Non-local Dirichlet Forms and Symmetric Jump Processes

TL;DR

This paper studies symmetric non-local Dirichlet forms with position-dependent jump intensities, establishing heat kernel estimates, constructing associated Markov processes, proving a parabolic Harnack inequality, and providing an example of discontinuous harmonic functions.

Contribution

It introduces a framework for non-local Dirichlet forms with variable jump kernels, extending analysis of jump processes and harmonic functions.

Findings

Established upper and lower heat kernel estimates.

Constructed a strong Markov process associated with the form.

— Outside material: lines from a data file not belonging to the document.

(* Let $(M,\Sigma)$ be a measurable space, $r\ge1$, and $\mu_1,\dots,\mu_r$ non-atomic countably additive finite measures on $\Sigma$. For $k\ge1$ let $t(k)=k\bmod r$ if this is nonzero and $t(k)=r$ otherwise. Let $(H_k)_{k\ge1}$ be a sequence of measurable sets such that for every $k$: $H_k\subseteq M\setminus\bigcup_{i=1}^{k-1}H_i$, $H_k$ admits a strong solution (a partition $H_k=F_1\sqcup\dots\sqcup F_r$ with $\mu_i(F_i)\ge\mu_i(F_j)$ for all $i,j$), and $\mu_{t(k)}(H_k)\ge 2^{-(r-1)}\mu_{t(k)}\bigl(M\setminus\bigcup_{i=1}^{k-1}H_i\bigr)$. Let $M_\infty=M\setminus\bigcup_{i=1}^\infty H_i$. Then $\mu_j(M_\infty)=0$ for every $j\in\{1,\dots,r\}$. *)

theory Defs
  imports "HOL-Analysis.Analysis"
begin

definition non_atomic :: "'a measure \<Rightarrow> bool" where
  "non_atomic \<mu> \<longleftrightarrow>
     (\<forall>A\<in>sets \<mu>. emeasure \<mu> A > 0 \<longrightarrow>
        (\<exists>B\<in>sets \<mu>. B \<subseteq> A \<and> 0 < emeasure \<mu> B \<and> emeasure \<mu> B < emeasure \<mu> A))"

definition tidx :: "nat \<Rightarrow> nat \<Rightarrow> nat" where
  "tidx r k = (if k mod r \<noteq> 0 then k mod r else r)"

definition strong_solution ::
  "'a measure \<Rightarrow> (nat \<Rightarrow> 'a measure) \<Rightarrow> nat \<Rightarrow> 'a set \<Rightarrow> (nat \<Rightarrow> 'a set) \<Rightarrow> bool" where
  "strong_solution M \<mu> r H F \<longleftrightarrow>
     (\<forall>i\<in>{1..r}. F i \<in> sets M) \<and>
     disjoint_family_on F {1..r} \<and>
     (\<Union>i\<in>{1..r}. F i) = H \<and>
     (\<forall>i\<in>{1..r}. \<forall>j\<in>{1..r}. emeasure (\<mu> i) (F i) \<ge> emeasure (\<mu> i) (F j))"

definition admits_strong_solution ::
  "'a measure \<Rightarrow> (nat \<Rightarrow> 'a measure) \<Rightarrow> nat \<Rightarrow> 'a set \<Rightarrow> bool" where
  "admits_strong_solution M \<mu> r H \<longleftrightarrow> (\<exists>F. strong_solution M \<mu> r H F)"

end

theory Submission
  imports Defs
begin

text \<open>Fix \<open>j\<close>. The sets \<open>H (n * r + j)\<close> are pairwise
  disjoint, \<open>tidx r (n * r + j) = j\<close>, and the part of the space not yet exhausted before
  step \<open>n * r + j\<close> contains \<open>M_inf\<close>. So these disjoint sets all have \<open>\<mu>\<^sub>j\<close>-measure at
  least \<open>2 ^ (1 - r) * \<mu>\<^sub>j(M_inf)\<close>. Because \<open>\<mu>\<^sub>j\<close> is finite, their measures are summable
  and hence tend to zero, which forces \<open>\<mu>\<^sub>j(M_inf) = 0\<close>.\<close>

lemma tidx_mult_add:
  assumes "j \<in> {1..r}"
  shows "tidx r (n * r + j) = j"
proof (cases "j = r")
  case False
  with assms have "(n * r + j) mod r = j" by simp
  with assms show ?thesis unfolding tidx_def by simp
qed (simp add: tidx_def)

lemma disjoint_family_on_if_subset_diff_earlier:
  fixes H :: "nat \<Rightarrow> 'a set"
  assumes "\<And>k. k \<ge> 1 \<Longrightarrow> H k \<subseteq> S - (\<Union>i\<in>{1..<k}. H i)"
  shows "disjoint_family_on H {1..}"
  unfolding disjoint_family_on_def
proof (intro ballI impI)
  fix a b :: nat assume "a \<in> {1..}" "b \<in> {1..}" "a \<noteq> b"
  then consider "1 \<le> a" "a < b" | "1 \<le> b" "b < a" by fastforce
  then show "H a \<inter> H b = {}"
    by cases (use assms[of a] assms[of b] in auto)
qed

lemma disjoint_family_arith_progression:
  fixes H :: "nat \<Rightarrow> 'a set"
  assumes "disjoint_family_on H {1..}" "r \<ge> 1" "j \<ge> 1"
  shows "disjoint_family (\<lambda>n. H (n * r + j))"
  unfolding disjoint_family_on_def
proof (intro ballI impI)
  fix m n :: nat assume "m \<noteq> n"
  with assms(2) have "m * r + j \<noteq> n * r + j" by simp
  with assms(3) show "H (m * r + j) \<inter> H (n * r + j) = {}"
    by (intro disjoint_family_onD[OF assms(1)]) auto
qed

lemma (in finite_measure) emeasure_zero_if_disjoint_family_bounded_below:
  fixes G :: "nat \<Rightarrow> 'a set"
  assumes "c > 0" "A \<in> sets M" "range G \<subseteq> sets M" "disjoint_family G"
    and bound: "\<And>n. ennreal c * emeasure M A \<le> emeasure M (G n)"
  shows "emeasure M A = 0"
proof -
  have "(\<lambda>n. measure M (G n)) sums measure M (\<Union>n. G n)"
    using assms(3,4) by (rule finite_measure_UNION)
  then have "(\<lambda>n. measure M (G n)) \<longlonglongrightarrow> 0"
    by (intro summable_LIMSEQ_zero sums_summable)
  moreover have "c * measure M A \<le> measure M (G n)" for n
    using bound[of n] \<open>c > 0\<close> by (simp add: emeasure_eq_measure ennreal_mult[symmetric])
  ultimately have "c * measure M A \<le> 0"
    by (intro LIMSEQ_le_const) auto
  with \<open>c > 0\<close> show ?thesis
    by (simp add: emeasure_eq_measure mult_le_0_iff measure_le_0_iff)
qed

theorem corollary3:
  fixes M :: "'a measure" and \<mu> :: "nat \<Rightarrow> 'a measure" and r :: nat
    and H :: "nat \<Rightarrow> 'a set"
  assumes r: "r \<ge> 1"
    and sets_eq: "\<And>i. i \<in> {1..r} \<Longrightarrow> sets (\<mu> i) = sets M"
    and fin: "\<And>i. i \<in> {1..r} \<Longrightarrow> finite_measure (\<mu> i)"
    and na: "\<And>i. i \<in> {1..r} \<Longrightarrow> non_atomic (\<mu> i)"
    and H_meas: "\<And>k. k \<ge> 1 \<Longrightarrow> H k \<in> sets M"
    and H_sub: "\<And>k. k \<ge> 1 \<Longrightarrow> H k \<subseteq> space M - (\<Union>i\<in>{1..<k}. H i)"
    and H_strong: "\<And>k. k \<ge> 1 \<Longrightarrow> admits_strong_solution M \<mu> r (H k)"
    and H_big: "\<And>k. k \<ge> 1 \<Longrightarrow>
       emeasure (\<mu> (tidx r k)) (H k)
         \<ge> ennreal ((1/2) ^ (r - 1)) * emeasure (\<mu> (tidx r k)) (space M - (\<Union>i\<in>{1..<k}. H i))"
  shows "\<forall>j\<in>{1..r}. emeasure (\<mu> j) (space M - (\<Union>i\<in>{1..}. H i)) = 0"
proof
  fix j assume j: "j \<in> {1..r}"
  interpret finite_measure "\<mu> j" using fin[OF j] .
  have sets_j: "sets (\<mu> j) = sets M" using sets_eq[OF j] .
  have H_sets: "H k \<in> sets (\<mu> j)" if "k \<ge> 1" for k
    using H_meas[OF that] sets_j by simp
  have space_j: "space (\<mu> j) = space M" using sets_eq_imp_space_eq[OF sets_j] .
  let ?c = "ennreal ((1/2) ^ (r - 1))" and ?M_inf = "space M - (\<Union>i\<in>{1..}. H i)"
  have M_inf_sets: "?M_inf \<in> sets (\<mu> j)"
    unfolding space_j[symmetric] using H_sets by (intro sets.Diff sets.top sets.countable_UN') auto
  have "?c * emeasure (\<mu> j) ?M_inf \<le> emeasure (\<mu> j) (H (n * r + j))" for n
  proof -
    let ?rest = "space M - (\<Union>i\<in>{1..<n * r + j}. H i)"
    have "?rest \<in> sets (\<mu> j)"
      unfolding space_j[symmetric] using H_sets by (intro sets.Diff sets.top sets.finite_UN) auto
    then have "?c * emeasure (\<mu> j) ?M_inf \<le> ?c * emeasure (\<mu> j) ?rest"
      by (intro mult_left_mono emeasure_mono) auto
    also have "\<dots> \<le> emeasure (\<mu> j) (H (n * r + j))"
      using H_big[of "n * r + j"] j by (simp add: tidx_mult_add)
    finally show ?thesis .
  qed
  moreover have "disjoint_family (\<lambda>n. H (n * r + j))"
    using disjoint_family_on_if_subset_diff_earlier[OF H_sub] r j
    by (intro disjoint_family_arith_progression) auto
  ultimately show "emeasure (\<mu> j) ?M_inf = 0"
    using M_inf_sets H_sets j
    by (intro emeasure_zero_if_disjoint_family_bounded_below[where c = "(1/2) ^ (r - 1)"]) auto
qed

end
lemma negation_half_product:
  fixes R1 :: "'a::ab_group_add set" and R2 :: "'b::ab_group_add set"
  assumes R1: "negation_half (UNIV - {0}) R1" and R2: "negation_half (UNIV - {0}) R2"
  shows "negation_half (UNIV - {0}) (Pair 0 ` R2 \<union> R1 \<times> UNIV)"
proof -
  define R where "R = Pair 0 ` R2 \<union> R1 \<times> (UNIV :: 'b set)"
  have R1_neg: "- g \<notin> R1" if "g \<in> R1" for g
    using R1 that unfolding negation_half_iff by blast
  have R2_neg: "- y \<notin> R2" if "y \<in> R2" for y
    using R2 that unfolding negation_half_iff by blast
  have R1_mem: "g \<in> R1 \<or> - g \<in> R1 \<longleftrightarrow> g \<noteq> 0" for g
    using R1 unfolding negation_half_iff by blast
  have R2_mem: "y \<in> R2 \<or> - y \<in> R2 \<longleftrightarrow> y \<noteq> 0" for y
    using R2 unfolding negation_half_iff by blast
  have mem_R: "(g, y) \<in> R \<longleftrightarrow> (if g = 0 then y \<in> R2 else g \<in> R1)" for g y
    using R1_mem[of 0] by (auto simp: R_def)
  have "- p \<notin> R" if "p \<in> R" for p
    using that R1_neg R2_neg by (cases p) (auto simp: mem_R split: if_splits)
  moreover have "p \<in> UNIV - {0} \<longleftrightarrow> p \<in> R \<or> - p \<in> R" for p
    using R1_mem R2_mem by (cases p) (auto simp: mem_R zero_prod_def)
  ultimately show ?thesis
    unfolding R_def[symmetric] negation_half_iff by blast
qed

lemma sum_product_half_eq_0:
  fixes R1 :: "'a::{ab_group_add, finite} set" and R2 :: "'b::{ab_group_add, finite} set"
  assumes "card (UNIV :: 'a set) dvd card (UNIV :: 'b set)" and "odd (card (UNIV :: 'b set))"
    and "0 \<notin> R1" and "\<Sum>R2 = 0"
  shows "\<Sum>(Pair 0 ` R2 \<union> R1 \<times> UNIV) = 0"
proof -
  have "\<Sum>(Pair 0 ` R2) = (\<Sum>y\<in>R2. (0, y))"
    by (simp add: sum.reindex inj_on_def)
  also have "\<dots> = (0, \<Sum>R2)"
    by (simp add: sum_prod)
  finally have first: "\<Sum>(Pair 0 ` R2) = (0, \<Sum>R2)" .
  have "\<Sum>(R1 \<times> (UNIV :: 'b set)) = (\<Sum>g\<in>R1. \<Sum>y\<in>UNIV. (g, y))"
    by (simp add: sum.cartesian_product)
  also have "\<dots> = (\<Sum>g\<in>R1. (\<Sum>_\<in>(UNIV :: 'b set). g, \<Sum>UNIV))"
    by (simp add: sum_prod)
  also have "\<dots> = 0"
    using assms(1,2) by (simp add: sum_const_eq_0_if_card_dvd sum_UNIV_eq_0_if_odd_card flip: zero_prod_def)
  finally have second: "\<Sum>(R1 \<times> (UNIV :: 'b set)) = 0" .
  have "Pair 0 ` R2 \<inter> R1 \<times> UNIV = {}"
    using assms(3) by auto
  then show ?thesis
    using first second assms(4) by (simp add: sum.union_disjoint flip: zero_prod_def)
qed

Proved a parabolic Harnack inequality for solutions.

Abstract

We consider the symmetric non-local Dirichlet form $(E, F)$ given by \[ E (f,f)=\int_{R^d} \int_{R^d} (f(y)-f(x))^2 J(x,y) dx dy \] with $F$ the closure of the set of $C^1$ functions on $R^d$ with compact support with respect to $E_1$, where $E_1 (f, f):=E (f, f)+\int_{R^d} f(x)^2 dx$, and where the jump kernel $J$ satisfies \[ \kappa_1|y-x|^{-d-\alpha} \leq J(x,y) \leq \kappa_2|y-x|^{-d-\beta} \] for $0<\alpha< \beta <2, |x-y|<1$. This assumption allows the corresponding jump process to have jump intensities whose size depends on the position of the process and the direction of the jump. We prove upper and lower estimates on the heat kernel. We construct a strong Markov process corresponding to $(E, F)$. We prove a parabolic Harnack inequality for nonnegative functions that solve the heat equation with respect to $E$. Finally we construct an example where the corresponding harmonic functions need not be continuous.